== Segment start ==

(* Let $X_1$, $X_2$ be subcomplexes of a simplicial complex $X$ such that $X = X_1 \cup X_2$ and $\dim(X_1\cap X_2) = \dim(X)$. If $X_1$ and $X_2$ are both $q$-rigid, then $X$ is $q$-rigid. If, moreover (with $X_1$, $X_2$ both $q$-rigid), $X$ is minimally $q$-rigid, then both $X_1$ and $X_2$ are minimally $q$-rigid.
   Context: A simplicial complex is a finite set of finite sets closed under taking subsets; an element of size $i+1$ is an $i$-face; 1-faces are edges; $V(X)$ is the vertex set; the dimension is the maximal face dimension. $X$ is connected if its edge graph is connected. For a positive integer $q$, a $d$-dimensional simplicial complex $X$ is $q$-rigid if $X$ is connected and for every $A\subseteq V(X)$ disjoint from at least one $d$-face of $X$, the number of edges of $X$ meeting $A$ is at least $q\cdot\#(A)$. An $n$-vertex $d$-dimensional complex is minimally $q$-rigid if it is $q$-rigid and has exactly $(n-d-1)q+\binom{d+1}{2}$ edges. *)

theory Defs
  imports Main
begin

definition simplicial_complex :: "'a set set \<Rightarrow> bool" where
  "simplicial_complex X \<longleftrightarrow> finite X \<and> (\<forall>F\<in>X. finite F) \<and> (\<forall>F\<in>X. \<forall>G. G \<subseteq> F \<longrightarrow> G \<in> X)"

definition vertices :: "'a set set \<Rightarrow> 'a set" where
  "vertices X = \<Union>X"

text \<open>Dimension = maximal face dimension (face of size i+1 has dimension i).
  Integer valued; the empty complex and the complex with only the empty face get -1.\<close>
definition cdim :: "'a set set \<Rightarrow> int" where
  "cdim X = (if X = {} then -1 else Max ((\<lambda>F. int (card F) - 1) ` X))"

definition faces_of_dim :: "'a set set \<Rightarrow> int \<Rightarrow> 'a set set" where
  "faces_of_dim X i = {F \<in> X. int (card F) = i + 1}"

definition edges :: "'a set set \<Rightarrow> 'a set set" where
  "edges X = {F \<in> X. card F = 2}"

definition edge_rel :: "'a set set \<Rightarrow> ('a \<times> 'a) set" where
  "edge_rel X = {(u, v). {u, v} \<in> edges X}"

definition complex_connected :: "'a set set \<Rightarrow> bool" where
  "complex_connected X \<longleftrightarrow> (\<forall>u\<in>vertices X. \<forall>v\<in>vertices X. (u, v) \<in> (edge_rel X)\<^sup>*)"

== Segment end ==

### [TASK]
Print the material in full, exactly as written.

### [WORKED SOLUTION]
(* Let $X_1$, $X_2$ be subcomplexes of a simplicial complex $X$ such that $X = X_1 \cup X_2$ and $\dim(X_1\cap X_2) = \dim(X)$. If $X_1$ and $X_2$ are both $q$-rigid, then $X$ is $q$-rigid. If, moreover (with $X_1$, $X_2$ both $q$-rigid), $X$ is minimally $q$-rigid, then both $X_1$ and $X_2$ are minimally $q$-rigid.
   Context: A simplicial complex is a finite set of finite sets closed under taking subsets; an element of size $i+1$ is an $i$-face; 1-faces are edges; $V(X)$ is the vertex set; the dimension is the maximal face dimension. $X$ is connected if its edge graph is connected. For a positive integer $q$, a $d$-dimensional simplicial complex $X$ is $q$-rigid if $X$ is connected and for every $A\subseteq V(X)$ disjoint from at least one $d$-face of $X$, the number of edges of $X$ meeting $A$ is at least $q\cdot\#(A)$. An $n$-vertex $d$-dimensional complex is minimally $q$-rigid if it is $q$-rigid and has exactly $(n-d-1)q+\binom{d+1}{2}$ edges. *)

theory Defs
  imports Main
begin

definition simplicial_complex :: "'a set set \<Rightarrow> bool" where
  "simplicial_complex X \<longleftrightarrow> finite X \<and> (\<forall>F\<in>X. finite F) \<and> (\<forall>F\<in>X. \<forall>G. G \<subseteq> F \<longrightarrow> G \<in> X)"

definition vertices :: "'a set set \<Rightarrow> 'a set" where
  "vertices X = \<Union>X"

text \<open>Dimension = maximal face dimension (face of size i+1 has dimension i).
  Integer valued; the empty complex and the complex with only the empty face get -1.\<close>
definition cdim :: "'a set set \<Rightarrow> int" where
  "cdim X = (if X = {} then -1 else Max ((\<lambda>F. int (card F) - 1) ` X))"

definition faces_of_dim :: "'a set set \<Rightarrow> int \<Rightarrow> 'a set set" where
  "faces_of_dim X i = {F \<in> X. int (card F) = i + 1}"

definition edges :: "'a set set \<Rightarrow> 'a set set" where
  "edges X = {F \<in> X. card F = 2}"

definition edge_rel :: "'a set set \<Rightarrow> ('a \<times> 'a) set" where
  "edge_rel X = {(u, v). {u, v} \<in> edges X}"

definition complex_connected :: "'a set set \<Rightarrow> bool" where
  "complex_connected X \<longleftrightarrow> (\<forall>u\<in>vertices X. \<forall>v\<in>vertices X. (u, v) \<in> (edge_rel X)\<^sup>*)"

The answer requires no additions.